Настала напряженная пауза. Таленэль без всяких эмоций смотрел ему в глаза, чувствуя свое превосходство и власть над ним. Кристиан с нетерпением ждал ответа на свои вопросы, хоть и сохранял внешнее спокойствие. Регент, готовясь внезапно рассечь энергетическое поле своим порталом, снова вздохнул и менторским тоном, разглядывая свои изящные иссиня-черные перчатки с бриллиантовыми костяшками, мрачно заговорил:
- Раз уж наш разговор подходит к его логическому завершению, а ты устроил эту дивную встречу только ради выяснения истины, я не смею отказывать тебе в праве узнать правду. Меня не манит трон империи, деньги и прочие прелести жизни императора. Я, действительно, желаю нашему чародейскому обществу светлого будущего. Но я, вопреки твоим догадкам, не намерен покорять человечество или устраивать геноцид. Оружие, власть и ваша поддержка нужны мне вовсе не для этого.
- Так чего же ты хочешь, Таленэль? Неужели твоя цель, как амбициозного эльфа, заключается не в вымирании ненавистного тебе людского рода и признании тебя богом? Я видел геноцид, которого ты якобы не желаешь. Несколько сотен людей пало этой ночью на юге Донарии и около тысячи на севере. Я видел огненные снаряды, метаемые катапультами во вражеские крепости, и целый город, охваченный пламенем. Двадцать тысяч воинов, созванных в некий Крестовый поход, стягиваются к границам.
- Воинов? – переспросил презрительно регент. – Скорее, двадцать тысяч фанатиков. Радуйся, друг мой, что ты в силах еще наблюдать за этим войском приматов. Еще чуть-чуть, и иностранные чародеи активируют блокаду.
- Которую ты, конечно же, со своими фокусами без труда обойдешь. Ты молод и дерзок, эльф. Но, повторюсь, ты также обладаешь интересными талантами. Мало кто не хотел бы иметь среди своих союзников такого, как ты. Но все же, если ты не намерен уничтожать или покорять человечество, которое, по твоим словам, вот-вот искоренит расу эльфов, то на что же ты рассчитываешь в этой борьбе?

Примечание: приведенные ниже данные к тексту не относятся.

(* Let $M,K$ be positive integers and let $R_1,\dots,R_n$ be positive integers with $R_i<2^K$. Let $s_i\in\{0,1,\dots,R_i-1\}$ for $i=1,\dots,n$. Starting from state $c_0=2^M$ and empty bit-stream $\mathtt{bs}_0$, encode $s_1,\dots,s_n$ in order with the UBCS encoder, where $s_i$ is encoded using $U(0,R_i)$, and let $c_i,\mathtt{bs}_i$ denote the state and bit-stream after encoding $s_i$. Then, starting from $(c_n,\mathtt{bs}_n)$, decode sequentially with the UBCS decoder using $U(0,R_n),U(0,R_{n-1}),\dots,U(0,R_1)$, obtaining symbols $s'_n,s'_{n-1},\dots,s'_1$, and let $c'_i,\mathtt{bs}'_i$ denote the state and bit-stream after decoding $s'_{i+1}$. Then: (P1) $s'_{i+1}=s_{i+1}$, $c'_i=c_i$ and $\mathtt{bs}'_i=\mathtt{bs}_i$ for all $i=0,\dots,n-1$. (P2) Letting $l_i=\lceil\log c_i\rceil+\mathtt{len}(\mathtt{bs}_i)$, where $\mathtt{len}$ is the total number of bits in the bit-stream, $$l_n-l_0<\frac{1}{1-1/(\ln 2\cdot 2^M\cdot K)}\Big[\sum_{i=1}^n\log R_i+1+(\ln 2\cdot 2^M)^{-1}\Big].$$
   Context: All logarithms $\log$ are base 2. The Uniform Base Conversion System (UBCS) has an integer state $c$ and a bit-stream $\mathtt{bs}$, which is a stack of $K$-bit chunks. ENCODE a symbol $s\in\{0,\dots,R-1\}$ using $U(0,R)$ (with $R<2^K$): set $c\gets c\cdot R+s$; if $c\ge 2^{M+K}$, push the $K$-bit value $c\bmod 2^K$ onto the end of $\mathtt{bs}$ and set $c\gets\lfloor c/2^K\rfloor$; return $(c,\mathtt{bs})$. DECODE using $U(0,R)$ (with $R<2^K$): if $c<2^M\cdot R$, pop the last $K$-bit value $r$ from $\mathtt{bs}$ and set $c\gets 2^K\cdot c+r$; then set $s\gets c\bmod R$ and $c\gets\lfloor c/R\rfloor$; return $(s,c,\mathtt{bs})$. *)

theory Defs
  imports Complex_Main
begin

text \<open>UBCS state: integer state c and a bit-stream given as a stack (list) of K-bit chunks;
  pushing/popping happens at the end of the list.\<close>

definition ubcs_encode :: "nat \<Rightarrow> nat \<Rightarrow> nat \<Rightarrow> nat \<Rightarrow> nat \<times> nat list \<Rightarrow> nat \<times> nat list" where
  "ubcs_encode M K R s st =
     (let c = fst st * R + s; bs = snd st in
      if c \<ge> 2 ^ (M + K) then (c div 2 ^ K, bs @ [c mod 2 ^ K]) else (c, bs))"

definition ubcs_decode :: "nat \<Rightarrow> nat \<Rightarrow> nat \<Rightarrow> nat \<times> nat list \<Rightarrow> nat \<times> nat \<times> nat list" where
  "ubcs_decode M K R st =
     (let (c, bs) = (if fst st < 2 ^ M * R
                     then (2 ^ K * fst st + last (snd st), butlast (snd st))
                     else st)
      in (c mod R, c div R, bs))"

definition bs_len :: "nat \<Rightarrow> nat list \<Rightarrow> nat" where
  "bs_len K bs = K * length bs"

end

(*
  The encoder keeps its state in [2^M, 2^(M+K)): when c R + s reaches 2^(M+K), dropping its
  low K bits leaves at least 2^M, and c R + s < 2^(M+K) R < 2^(M+K) 2^K because R < 2^K.
  Under this invariant the decoder's test c < 2^M R detects exactly whether a chunk was
  pushed, so each decoding step undoes the matching encoding step.

  For the length, the potential  log c + K |bs| - |bs| / (ln 2 2^M) + 1 / (ln 2 c)  grows by
  at most log R per symbol: by ln x <= x - 1 the rounding loss log (c R + s) - log c - log R
  is at most 1 / (ln 2 c) - 1 / (ln 2 (c R + s)), and a flush raises the last term by at most
  1 / (ln 2 2^M), which the credit -1 / (ln 2 2^M) of the new chunk pays for. The potential
  differs from the ideal length log c + K |bs| by the factor 1 - 1 / (ln 2 2^M K) on the
  chunks, which gives the bound after rounding log c up.
*)
theory Submission
  imports Defs "HOL-Analysis.Harmonic_Numbers"
begin

lemma ubcs_encode_range:
  fixes M K R s c :: nat
  assumes c: "c \<in> {2^M..<2^(M+K)}" and R: "0 < R" "R < 2^K" and s: "s < R"
  shows "fst (ubcs_encode M K R s (c, bs)) \<in> {2^M..<2^(M+K)}"
proof -
  define x where "x = c * R + s"
  have "x < (c + 1) * R" using s by (simp add: x_def)
  also have "\<dots> \<le> 2^(M+K) * R" using c by (intro mult_right_mono) auto
  also have "\<dots> < 2^(M+K) * 2^K" using R by simp
  finally have x_less: "x < 2^(M+K) * 2^K" .
  have "c \<le> x" using R by (simp add: x_def trans_le_add1)
  then show ?thesis
    using c x_less
    by (auto simp: ubcs_encode_def Let_def x_def[symmetric] less_eq_div_iff_mult_less_eq
        power_add less_mult_imp_div_less)
qed

lemma ubcs_decode_encode:
  fixes M K R s c :: nat
  assumes c: "c \<in> {2^M..<2^(M+K)}" and R: "0 < R" "R < 2^K" and s: "s < R"
  shows "ubcs_decode M K R (ubcs_encode M K R s (c, bs)) = (s, c, bs)"
proof -
  define x where "x = c * R + s"
  have x_mod_div: "x mod R = s" "x div R = c" using s by (simp_all add: x_def)
  have "x < (c + 1) * R" using s by (simp add: x_def)
  also have "\<dots> \<le> 2^(M+K) * R" using c by (intro mult_right_mono) auto
  finally have "x div 2^K < 2^M * R" by (simp add: less_mult_imp_div_less power_add mult_ac)
  moreover have "2^M * R \<le> x" using c by (simp add: x_def trans_le_add1)
  ultimately show ?thesis
    using x_mod_div
    by (auto simp: ubcs_encode_def ubcs_decode_def Let_def x_def[symmetric])
qed

lemma log2_mult_add_le:
  fixes c R s :: real
  assumes c: "0 < c" and s: "0 \<le> s" "s \<le> R - 1"
  shows "log 2 (c * R + s) \<le> log 2 c + log 2 R + 1 / (ln 2 * c) - 1 / (ln 2 * (c * R + s))"
proof -
  define x where "x = c * R + s"
  have R: "0 < R" using s by linarith
  have x: "0 < x" using c R s by (simp add: x_def add_pos_nonneg)
  have "log 2 x - log 2 c - log 2 R = ln (x / (c * R)) / ln 2"
    using c R x by (simp add: log_def ln_div ln_mult diff_divide_distrib add_divide_distrib)
  also have "\<dots> \<le> (x / (c * R) - 1) / ln 2"
    using c R x by (intro divide_right_mono ln_le_minus_one) auto
  also have "x / (c * R) - 1 = s / (c * R)"
    using c R by (simp add: x_def field_simps)
  also have "s / (c * R) \<le> 1 / c - 1 / x"
  proof -
    have "0 \<le> c * R * (R - 1 - s) + s * (R - s)"
      using c R s by (intro add_nonneg_nonneg mult_nonneg_nonneg) auto
    then have "s * x \<le> R * (x - c)" by (simp add: x_def algebra_simps)
    then show ?thesis using c R x by (simp add: field_simps)
  qed
  finally have "log 2 x - log 2 c - log 2 R \<le> (1 / c - 1 / x) / ln 2"
    by (simp add: divide_right_mono)
  also have "\<dots> = 1 / (ln 2 * c) - 1 / (ln 2 * x)"
    by (simp add: diff_divide_distrib mult.commute)
  finally show ?thesis unfolding x_def by linarith
qed

definition ubcs_potential :: "nat \<Rightarrow> nat \<Rightarrow> nat \<Rightarrow> nat list \<Rightarrow> real" where
  "ubcs_potential M K c bs =
     log 2 c + K * length bs - length bs / (ln 2 * 2^M) + 1 / (ln 2 * c)"

lemma ubcs_potential_encode_le:
  fixes M K R s c :: nat
  assumes c: "c \<in> {2^M..<2^(M+K)}" and R: "0 < R" "R < 2^K" and s: "s < R"
    and enc: "ubcs_encode M K R s (c, bs) = (c1, bs1)"
  shows "ubcs_potential M K c1 bs1 \<le> ubcs_potential M K c bs + log 2 R"
proof -
  define x where "x = c * R + s"
  have c_pos: "0 < c" using c by (auto intro: order_less_le_trans[of 0 "2^M"])
  have "real s \<le> real R - 1" using s by linarith
  then have log_x: "log 2 x \<le> log 2 c + log 2 R + 1 / (ln 2 * c) - 1 / (ln 2 * x)"
    using log2_mult_add_le[of c s R] c_pos by (simp add: x_def)
  have x_pos: "0 < x" using c_pos R by (simp add: x_def)
  have c1: "2^M \<le> c1" using ubcs_encode_range[OF assms(1-4), of bs] enc by simp
  then have c1_pos: "0 < c1" by (auto intro: order_less_le_trans[of 0 "2^M"])
  show ?thesis
  proof (cases "2^(M+K) \<le> x")
    case True
    then have c1_eq: "c1 = x div 2^K" and bs1: "length bs1 = Suc (length bs)"
      using enc by (auto simp: ubcs_encode_def Let_def x_def[symmetric])
    have "c1 * 2^K \<le> x" unfolding c1_eq by (rule div_times_less_eq_dividend)
    then have "real c1 * 2^K \<le> real x" using of_nat_mono by fastforce
    then have "log 2 (real c1 * 2^K) \<le> log 2 x" using c1_pos x_pos by (subst log_le_cancel_iff) auto
    then have log_c1: "log 2 c1 + K \<le> log 2 x" using c1_pos by (simp add: log_mult)
    have "1 / (ln 2 * c1) \<le> 1 / (ln 2 * 2^M)"
      using c1 c1_pos by (intro divide_left_mono mult_left_mono mult_pos_pos) auto
    moreover have "log 2 x \<le> log 2 c + log 2 R + 1 / (ln 2 * c)"
      using log_x by (simp add: diff_le_eq order_trans)
    ultimately show ?thesis
      using log_c1 unfolding ubcs_potential_def bs1 of_nat_Suc add_divide_distrib
      by (simp add: algebra_simps)
  next
    case False
    then have "c1 = x" "bs1 = bs"
      using enc by (auto simp: ubcs_encode_def Let_def x_def[symmetric])
    then show ?thesis using log_x by (simp add: ubcs_potential_def)
  qed
qed

locale ubcs_encoding =
  fixes M K n :: nat and R s c :: "nat \<Rightarrow> nat" and bs :: "nat \<Rightarrow> nat list"
  assumes K_pos: "K > 0"
    and R_pos: "\<And>i. 1 \<le> i \<Longrightarrow> i \<le> n \<Longrightarrow> R i > 0"
    and R_lt: "\<And>i. 1 \<le> i \<Longrightarrow> i \<le> n \<Longrightarrow> R i < 2 ^ K"
    and s_lt: "\<And>i. 1 \<le> i \<Longrightarrow> i \<le> n \<Longrightarrow> s i < R i"
    and enc0: "c 0 = 2 ^ M" "bs 0 = []"
    and enc_step: "\<And>i. i < n \<Longrightarrow>
        (c (Suc i), bs (Suc i)) = ubcs_encode M K (R (Suc i)) (s (Suc i)) (c i, bs i)"
begin

lemma symbol_bounds:
  assumes "i < n"
  shows "0 < R (Suc i)" "R (Suc i) < 2^K" "s (Suc i) < R (Suc i)"
  using R_pos R_lt s_lt assms by auto

lemma state_range: "i \<le> n \<Longrightarrow> c i \<in> {2^M..<2^(M+K)}"
proof (induction i)
  case 0
  have "(2::nat)^M < 2^(M+K)" using K_pos by (intro power_strict_increasing) auto
  then show ?case using enc0 by simp
next
  case (Suc i)
  then have "c (Suc i) = fst (ubcs_encode M K (R (Suc i)) (s (Suc i)) (c i, bs i))"
    using enc_step by (metis Suc_le_lessD fst_conv)
  then show ?case using ubcs_encode_range symbol_bounds Suc by simp
qed

lemma decode_inverts_encode:
  fixes s' c' :: "nat \<Rightarrow> nat" and bs' :: "nat \<Rightarrow> nat list"
  assumes dec0: "c' n = c n" "bs' n = bs n"
    and dec_step: "\<And>i. i < n \<Longrightarrow>
        (s' (Suc i), c' i, bs' i) = ubcs_decode M K (R (Suc i)) (c' (Suc i), bs' (Suc i))"
    and "i < n"
  shows "s' (Suc i) = s (Suc i) \<and> c' i = c i \<and> bs' i = bs i"
proof -
  have decode_step: "(s' (Suc k), c' k, bs' k) = (s (Suc k), c k, bs k)"
    if "k < n" "c' (Suc k) = c (Suc k)" "bs' (Suc k) = bs (Suc k)" for k
    using dec_step[OF \<open>k < n\<close>] enc_step[OF \<open>k < n\<close>] that
      ubcs_decode_encode[OF state_range symbol_bounds[OF \<open>k < n\<close>]] by simp
  have states_agree: "c' k = c k \<and> bs' k = bs k" if "k \<le> n" for k
    using that
  proof (induction rule: inc_induct)
    case base
    show ?case using dec0 by simp
  next
    case (step k)
    then show ?case using decode_step by simp
  qed
  show ?thesis using decode_step[OF \<open>i < n\<close>] states_agree[of "Suc i"] \<open>i < n\<close> by simp
qed

lemma potential_le_sum_log:
  "i \<le> n \<Longrightarrow>
    ubcs_potential M K (c i) (bs i) \<le> M + 1 / (ln 2 * 2^M) + (\<Sum>j=1..i. log 2 (R j))"
proof (induction i)
  case 0
  then show ?case using enc0 by (simp add: ubcs_potential_def)
next
  case (Suc i)
  then have "i < n" by simp
  have "ubcs_potential M K (c (Suc i)) (bs (Suc i)) \<le>
      ubcs_potential M K (c i) (bs i) + log 2 (R (Suc i))"
    using ubcs_potential_encode_le[OF state_range symbol_bounds[OF \<open>i < n\<close>]]
      enc_step[OF \<open>i < n\<close>] \<open>i < n\<close> by simp
  then show ?case using Suc by simp
qed

lemma ideal_length_bound:
  "(1 - 1 / (ln 2 * 2^M * K)) * (log 2 (c n) + K * length (bs n) - M)
     \<le> (\<Sum>j=1..n. log 2 (R j)) + 1 / (ln 2 * 2^M)"
proof -
  define \<epsilon> :: real where "\<epsilon> = 1 / (ln 2 * 2^M * K)"
  have "2^M \<le> real (c n)" using state_range[of n] by (simp flip: of_nat_le_iff)
  then have "log 2 (2^M) \<le> log 2 (c n)" by (intro log_mono) auto
  moreover have "0 \<le> \<epsilon>" by (simp add: \<epsilon>_def)
  ultimately have "(1 - \<epsilon>) * (log 2 (c n) - M) \<le> log 2 (c n) - M"
    by (simp add: algebra_simps mult_left_mono)
  moreover have "(1 - \<epsilon>) * (K * length (bs n)) = K * length (bs n) - length (bs n) / (ln 2 * 2^M)"
    using K_pos by (simp add: \<epsilon>_def field_simps)
  moreover have "0 \<le> 1 / (ln 2 * c n)" by simp
  moreover have "(1 - \<epsilon>) * (log 2 (c n) + K * length (bs n) - M) =
      (1 - \<epsilon>) * (log 2 (c n) - M) + (1 - \<epsilon>) * (K * length (bs n))"
    by (simp add: algebra_simps)
  ultimately have "(1 - \<epsilon>) * (log 2 (c n) + K * length (bs n) - M)
      \<le> ubcs_potential M K (c n) (bs n) - M"
    unfolding ubcs_potential_def by linarith
  then show ?thesis using potential_le_sum_log[of n] by (simp add: \<epsilon>_def)
qed

end

theorem theorem1:
  fixes M K n :: nat
    and R s :: "nat \<Rightarrow> nat"
    and c :: "nat \<Rightarrow> nat" and bs :: "nat \<Rightarrow> nat list"
    and s' :: "nat \<Rightarrow> nat" and c' :: "nat \<Rightarrow> nat" and bs' :: "nat \<Rightarrow> nat list"
  assumes M_pos: "M > 0" and K_pos: "K > 0"
    and R_pos: "\<And>i. 1 \<le> i \<Longrightarrow> i \<le> n \<Longrightarrow> R i > 0"
    and R_lt: "\<And>i. 1 \<le> i \<Longrightarrow> i \<le> n \<Longrightarrow> R i < 2 ^ K"
    and s_lt: "\<And>i. 1 \<le> i \<Longrightarrow> i \<le> n \<Longrightarrow> s i < R i"
    and enc0: "c 0 = 2 ^ M" "bs 0 = []"
    and enc_step: "\<And>i. i < n \<Longrightarrow>
        (c (Suc i), bs (Suc i)) = ubcs_encode M K (R (Suc i)) (s (Suc i)) (c i, bs i)"
    and dec0: "c' n = c n" "bs' n = bs n"
    and dec_step: "\<And>i. i < n \<Longrightarrow>
        (s' (Suc i), c' i, bs' i) = ubcs_decode M K (R (Suc i)) (c' (Suc i), bs' (Suc i))"
  shows "(\<forall>i<n. s' (Suc i) = s (Suc i) \<and> c' i = c i \<and> bs' i = bs i) \<and>
    (let l = (\<lambda>i. real_of_int \<lceil>log 2 (real (c i))\<rceil> + real (bs_len K (bs i))) in
      l n - l 0 < 1 / (1 - 1 / (ln 2 * 2 ^ M * real K)) *
        ((\<Sum>i=1..n. log 2 (real (R i))) + 1 + 1 / (ln 2 * 2 ^ M)))"
proof -
  interpret ubcs_encoding M K n R s c bs
    using K_pos R_pos R_lt s_lt enc0 enc_step by unfold_locales auto
  define \<epsilon> :: real where "\<epsilon> = 1 / (ln 2 * 2 ^ M * real K)"
  define S where "S = (\<Sum>i=1..n. log 2 (real (R i)))"
  define L where "L = log 2 (c n) + K * length (bs n)"
  define l where "l = (\<lambda>i. real_of_int \<lceil>log 2 (real (c i))\<rceil> + real (bs_len K (bs i)))"
  have "2 / 3 * 2 * 1 \<le> ln 2 * 2 ^ M * real K"
    using ln2_ge_two_thirds M_pos K_pos
    by (intro mult_mono) (auto simp: Suc_le_eq self_le_power)
  then have \<epsilon>: "0 < 1 - \<epsilon>" "1 - \<epsilon> \<le> 1" by (auto simp: \<epsilon>_def)
  have "L - M \<le> (S + 1 / (ln 2 * 2 ^ M)) / (1 - \<epsilon>)"
    using ideal_length_bound \<epsilon> by (simp add: L_def S_def \<epsilon>_def pos_le_divide_eq mult.commute)
  moreover have "l n < L + 1" "l 0 = M" by (simp_all add: l_def L_def bs_len_def enc0) linarith
  moreover have "1 \<le> 1 / (1 - \<epsilon>)" using \<epsilon> by simp
  ultimately have "l n - l 0 < 1 / (1 - \<epsilon>) * (S + 1 + 1 / (ln 2 * 2 ^ M))"
    by (simp add: add_divide_distrib)
  then show ?thesis
    using decode_inverts_encode[OF dec0 dec_step]
    unfolding Let_def l_def[symmetric] \<epsilon>_def[symmetric] S_def[symmetric] by blast
qed

end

- Я рассчитываю вернуть этому миру былую красоту и величие, вернуть все на свои места. А люди, все до единого, пройдут обряд очищения.
- Ты можешь перестать говорить загадками, словно Стефан Благочестивый? – раздраженно скривился чародей.
- Одним словом, любезный Кристиан, - в заключение ответил пугающе холодный Таленэль, - я не мечтаю ни о чем из того, чего так жаждали полоумные короли из басен и легенд. Уничтожить людской род я всегда успею. К его счастью, это не в моих интересах. Но, если в моей голове и есть дьявольский план, то, не сомневайся, ты узнаешь о нем первый. Но не сейчас – иначе бы он не был таким дьявольским.
- И все же…
- И все же, - перебил его эльф, готовясь к скачку, - наш разговор затянулся, а я потерял непростительно много времени. Тебе удалось застать меня врасплох, чего более не повторится. Жаль, что я не могу позвать тебя на чай со своим братом. Но я передам ему от тебя привет. Всего тебе хорошего, Кристиан Умбра.
Таленэль, одним махом впитав остатки Энергии, выплеснул их, образовав едва уловимый разрыв в незримом магическом поле, и провалился в звездное пространство, не подвластное времени. Кристиан же, не успев перекрыть пути к отступлению, безуспешно попытался схватить Серебряное Диво, рискуя при этом потерять кусок руки в закрывающемся портале. Но король эльфов стремительно умчался туда, где его уже нельзя было достать.
- Хитер гад…
Лидер Круга Теней так и остался стоять посреди сухого декоративного бассейна, восхищенный наглостью и проворностью своего загадочного союзника.